What you need to do >> Every line containing the word "dense" must be pulled from the records.

(Stored dataset items)
※ ※ ※

lemma two_dim_subset_of_separated:
  assumes "1 \<le> R" "0 < \<rho>" "\<rho> \<le> r" "r \<le> 1" "finite L" "L \<subseteq> SL2_lines_R R" "separated \<rho> L"
    "L \<subseteq> ball x0 r" "200 * (52 * R)^3 \<le> C"
  shows "\<exists>L'. L' \<subseteq> L \<and> (\<rho> / r) * real (card L) \<le> C * real (card L') \<and> two_dim_cond \<rho> L'"
proof -
  define K where "K = 4 * (52 * R)^3"
  have "0 \<le> K" using assms(1) by (simp add: K_def)
  have "\<rho> \<le> 1" using assms(3,4) by linarith
  obtain M s a where M: "M \<subseteq> L" "two_dim_cond \<rho> M"
    and heavy: "\<And>l. l \<in> L \<Longrightarrow> \<rho> \<le> s l \<and> s l \<le> 1 \<and> l \<in> ball (a l) (s l) \<and>
       (s l / \<rho>)^2 \<le> 2 * real (card (M \<inter> ball (a l) (s l)))"
    using maximal_two_dim_subset_heavy_balls[OF assms(5,2) \<open>\<rho> \<le> 1\<close>] by blast
  have packing: "real (card (L \<inter> ball y t)) \<le> K * (min t r / \<rho>)^3" if "\<rho> \<le> t" for y t
  proof (cases "t \<le> r")
    case True
    then show ?thesis using separated_SL2_lines_R_card_ball(2)[OF assms(1,6,7,2) that]
      by (simp add: K_def)
  next
    case False
    have "card (L \<inter> ball y t) \<le> card (L \<inter> ball x0 r)"
      using assms(5,8) by (intro card_mono) auto
    moreover have "real (card (L \<inter> ball x0 r)) \<le> K * (r / \<rho>)^3"
      using separated_SL2_lines_R_card_ball(2)[OF assms(1,6,7,2,3)] by (simp add: K_def)
    ultimately show ?thesis using False by simp
  qed
  have dense: "real (card (L \<inter> ball (a l) (5 * s l))) \<le> 50 * K * (r / \<rho>) * real (card (M \<inter> ball (a l) (s l)))"
    if "l \<in> L" for l
  proof -
    have "\<rho> \<le> s l" "(s l / \<rho>)^2 \<le> 2 * real (card (M \<inter> ball (a l) (s l)))" using heavy[OF that] by auto
    have "real (card (L \<inter> ball (a l) (5 * s l))) \<le> K * (min (5 * s l) r / \<rho>)^3"
      using packing \<open>\<rho> \<le> s l\<close> assms(2) by simp
    also have "\<dots> = K * min (5 * s l / \<rho>) (r / \<rho>) ^ 3" using assms(2) by (simp add: min_divide_distrib_right)
    also have "\<dots> \<le> K * ((r / \<rho>) * (5 * s l / \<rho>)^2)"
      using \<open>0 \<le> K\<close> assms(2,3) \<open>\<rho> \<le> s l\<close> by (intro mult_left_mono min_cube_le) auto
    also have "\<dots> = 25 * K * (r / \<rho>) * (s l / \<rho>)^2" by (simp add: power_mult_distrib power_divide)
    also have "\<dots> \<le> 25 * K * (r / \<rho>) * (2 * real (card (M \<inter> ball (a l) (s l))))"
      using \<open>0 \<le> K\<close> assms(2,3) \<open>(s l / \<rho>)^2 \<le> _\<close> by (intro mult_left_mono) auto
    finally show ?thesis by simp
  qed
  have "real (card L) \<le> 50 * K * (r / \<rho>) * real (card M)"
  proof (rule card_le_by_Vitali_covering[where a = a and r = s and B = 1])
    show "L \<subseteq> (\<Union>l\<in>L. ball (a l) (s l))" using heavy by blast
    show "0 < s l \<and> s l \<le> 1" if "l \<in> L" for l using heavy[OF that] assms(2) by auto
  qed (use assms(2,3,5) M(1) \<open>0 \<le> K\<close> dense in \<open>auto intro: finite_subset\<close>)
  then have "(\<rho> / r) * real (card L) \<le> 50 * K * real (card M)"
    using assms(2,3) by (simp add: field_simps)
  also have "\<dots> \<le> C * real (card M)" using assms(9) by (intro mult_right_mono) (auto simp: K_def)
  finally show ?thesis using M by blast
qed

lemma two_dim_subset_of_cover:
  assumes "finite F" "L \<subseteq> (\<Union>y\<in>F. ball y 1)" "0 < \<delta>" "\<delta> \<le> \<rho>" "\<rho> \<le> 1"
    "finite L" "finite Lt" "two_dim_cond \<delta> L" "L \<subseteq> (\<Union>l\<in>Lt. ball l \<rho>)"
    "200 * (1 + real (card F)) \<le> C"
  shows "\<exists>Lt'. Lt' \<subseteq> Lt \<and> (\<delta> / \<rho>)^2 * real (card L) \<le> C * real (card Lt') \<and> two_dim_cond \<rho> Lt'"
proof -
  define K where "K = 1 + real (card F)"
  have "0 \<le> K" by (simp add: K_def)
  have "0 < \<rho>" "\<delta> \<le> 1" using assms(3-5) by linarith+
  obtain M s a where M: "M \<subseteq> Lt" "two_dim_cond \<rho> M"
    and heavy: "\<And>l. l \<in> Lt \<Longrightarrow> \<rho> \<le> s l \<and> s l \<le> 1 \<and> l \<in> ball (a l) (s l) \<and>
       (s l / \<rho>)^2 \<le> 2 * real (card (M \<inter> ball (a l) (s l)))"
    using maximal_two_dim_subset_heavy_balls[OF assms(7) \<open>0 < \<rho>\<close> assms(5)] by blast
  have "finite M" using M(1) assms(7) by (rule finite_subset)
  have cover: "L \<subseteq> (\<Union>l\<in>Lt. ball (a l) (2 * s l))"
  proof
    fix y assume "y \<in> L"
    then obtain l where "l \<in> Lt" "dist l y < \<rho>" using assms(9) by auto
    moreover have "\<rho> \<le> s l" "dist (a l) l < s l" using heavy[OF \<open>l \<in> Lt\<close>] by auto
    ultimately have "dist (a l) y < 2 * s l" using dist_triangle[of "a l" y l] by linarith
    then show "y \<in> (\<Union>l\<in>Lt. ball (a l) (2 * s l))" using \<open>l \<in> Lt\<close> by auto
  qed
  have dense: "real (card (L \<inter> ball (a l) (5 * (2 * s l))))
      \<le> 200 * K * (\<rho> / \<delta>)^2 * real (card (M \<inter> ball (a l) (2 * s l)))" if "l \<in> Lt" for l
  proof -
    have "\<rho> \<le> s l" "(s l / \<rho>)^2 \<le> 2 * real (card (M \<inter> ball (a l) (s l)))"
      using heavy[OF that] by auto
    then have "\<delta> \<le> 5 * (2 * s l)" using assms(4) \<open>0 < \<rho>\<close> by linarith
    have "real (card (L \<inter> ball (a l) (5 * (2 * s l)))) \<le> K * (5 * (2 * s l) / \<delta>)^2"
      unfolding K_def
      by (rule two_dim_cond_card_ball_le[OF assms(6,1,2,8,3) \<open>\<delta> \<le> 1\<close> \<open>\<delta> \<le> 5 * (2 * s l)\<close>])
    also have "\<dots> = 100 * K * (\<rho> / \<delta>)^2 * (s l / \<rho>)^2"
      using \<open>0 < \<rho>\<close> by (simp add: field_simps)
    also have "\<dots> \<le> 100 * K * (\<rho> / \<delta>)^2 * (2 * real (card (M \<inter> ball (a l) (s l))))"
      using \<open>0 \<le> K\<close> \<open>(s l / \<rho>)^2 \<le> _\<close> by (intro mult_left_mono) auto
    also have "\<dots> \<le> 100 * K * (\<rho> / \<delta>)^2 * (2 * real (card (M \<inter> ball (a l) (2 * s l))))"
    proof -
      have "card (M \<inter> ball (a l) (s l)) \<le> card (M \<inter> ball (a l) (2 * s l))"
        using \<open>finite M\<close> \<open>\<rho> \<le> s l\<close> \<open>0 < \<rho>\<close> by (intro card_mono) auto
      then show ?thesis using \<open>0 \<le> K\<close> by (intro mult_left_mono) auto
    qed
    finally show ?thesis by simp
  qed
  have "real (card L) \<le> 200 * K * (\<rho> / \<delta>)^2 * real (card M)"
  proof (rule card_le_by_Vitali_covering[where a = a and r = "\<lambda>l. 2 * s l" and B = 2])
    show "0 < 2 * s l \<and> 2 * s l \<le> 2" if "l \<in> Lt" for l using heavy[OF that] \<open>0 < \<rho>\<close> by auto
  qed (use assms(6,7) cover \<open>finite M\<close> \<open>0 \<le> K\<close> dense in auto)
  then have "(\<delta> / \<rho>)^2 * real (card L) \<le> 200 * K * real (card M)"
    using assms(3) \<open>0 < \<rho>\<close> by (simp add: field_simps)
  also have "\<dots> \<le> C * real (card M)" using assms(10) by (intro mult_right_mono) (auto simp: K_def)
  finally show ?thesis using M by blast
qed

theorem lemma4p1:
  fixes R :: real
  assumes "R \<ge> 1"
  shows "\<exists>C>0.
    (\<forall>(\<rho>::real) (r::real) (Lt::(real^4) set).
        0 < \<rho> \<longrightarrow> \<rho> \<le> r \<longrightarrow> r \<le> 1 \<longrightarrow>
        finite Lt \<longrightarrow> Lt \<subseteq> SL2_lines_R R \<longrightarrow>
        separated \<rho> Lt \<longrightarrow> (\<exists>x0::real^4. Lt \<subseteq> ball x0 r) \<longrightarrow>
        (\<exists>Lt'. Lt' \<subseteq> Lt \<and> (\<rho> / r) * real (card Lt) \<le> C * real (card Lt') \<and>
               two_dim_cond \<rho> Lt'))
    \<and>
    (\<forall>\<epsilon>>0. \<exists>c>0.
      \<forall>(\<delta>::real) (\<rho>::real) (L::(real^4) set) (Lt::(real^4) set).
        0 < \<delta> \<longrightarrow> \<delta> \<le> \<rho> \<longrightarrow> \<rho> \<le> 1 \<longrightarrow>
        finite L \<longrightarrow> finite Lt \<longrightarrow>
        L \<subseteq> SL2_lines_R R \<longrightarrow> Lt \<subseteq> SL2_lines_R R \<longrightarrow>
        two_dim_cond \<delta> L \<longrightarrow>
        L \<subseteq> (\<Union>l\<in>Lt. ball l \<rho>) \<longrightarrow>
        (\<exists>Lt'. Lt' \<subseteq> Lt \<and>
               c * \<delta> powr \<epsilon> * (\<delta> / \<rho>)^2 * real (card L) \<le> C * real (card Lt') \<and>
               two_dim_cond \<rho> Lt'))"
proof -
  have "bounded (SL2_lines_R R)" unfolding SL2_lines_R_def by (rule bounded_Int) simp
  then obtain F where "finite F" and SL2_cover: "SL2_lines_R R \<subseteq> (\<Union>y\<in>F. ball y 1)"
    by (rule bounded_finite_unit_ball_cover)
  define C where "C = 200 * (52 * R)^3 + 200 * (1 + real (card F))"
  have "0 < C" "200 * (52 * R)^3 \<le> C" "200 * (1 + real (card F)) \<le> C"
    using assms unfolding C_def by (simp_all add: add_pos_nonneg)
  have part_i: "\<exists>Lt'. Lt' \<subseteq> Lt \<and> (\<rho> / r) * real (card Lt) \<le> C * real (card Lt') \<and> two_dim_cond \<rho> Lt'"
    if "0 < \<rho>" "\<rho> \<le> r" "r \<le> 1" "finite Lt" "Lt \<subseteq> SL2_lines_R R" "separated \<rho> Lt" "Lt \<subseteq> ball x0 r"
    for \<rho> r Lt x0
    using two_dim_subset_of_separated[OF assms that \<open>200 * (52 * R)^3 \<le> C\<close>] .
  have part_ii: "\<exists>Lt'. Lt' \<subseteq> Lt \<and> 1 * \<delta> powr \<epsilon> * (\<delta> / \<rho>)^2 * real (card L) \<le> C * real (card Lt') \<and>
      two_dim_cond \<rho> Lt'"
    if asm: "0 < \<epsilon>" "0 < \<delta>" "\<delta> \<le> \<rho>" "\<rho> \<le> 1" "finite L" "finite Lt" "L \<subseteq> SL2_lines_R R"
      "two_dim_cond \<delta> L" "L \<subseteq> (\<Union>l\<in>Lt. ball l \<rho>)" for \<epsilon> \<delta> \<rho> L Lt
  proof -
    have "L \<subseteq> (\<Union>y\<in>F. ball y 1)" using asm(7) SL2_cover by blast
    then obtain Lt' where "Lt' \<subseteq> Lt" "two_dim_cond \<rho> Lt'"
      and "(\<delta> / \<rho>)^2 * real (card L) \<le> C * real (card Lt')"
      using two_dim_subset_of_cover[OF \<open>finite F\<close> _ asm(2-6,8,9) \<open>200 * (1 + real (card F)) \<le> C\<close>]
      by blast
    moreover have "\<delta> \<le> 1" using asm(3,4) by linarith
    ultimately show ?thesis
      using powr_mult_le[of "(\<delta> / \<rho>)^2 * real (card L)" _ \<delta> \<epsilon>] asm(1,2) by (auto simp: mult.assoc)
  qed
  show ?thesis
    by (rule exI[of _ C], intro conjI allI impI exI[of _ "1::real"])
      (fact \<open>0 < C\<close>, blast intro: part_i, simp, blast intro: part_ii)
qed

end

※ ※ ※

The completed task >>
  have dense: "real (card (L \<inter> ball (a l) (5 * s l))) \<le> 50 * K * (r / \<rho>) * real (card (M \<inter> ball (a l) (s l)))"
  qed (use assms(2,3,5) M(1) \<open>0 \<le> K\<close> dense in \<open>auto intro: finite_subset\<close>)
  have dense: "real (card (L \<inter> ball (a l) (5 * (2 * s l))))
  qed (use assms(6,7) cover \<open>finite M\<close> \<open>0 \<le> K\<close> dense in auto)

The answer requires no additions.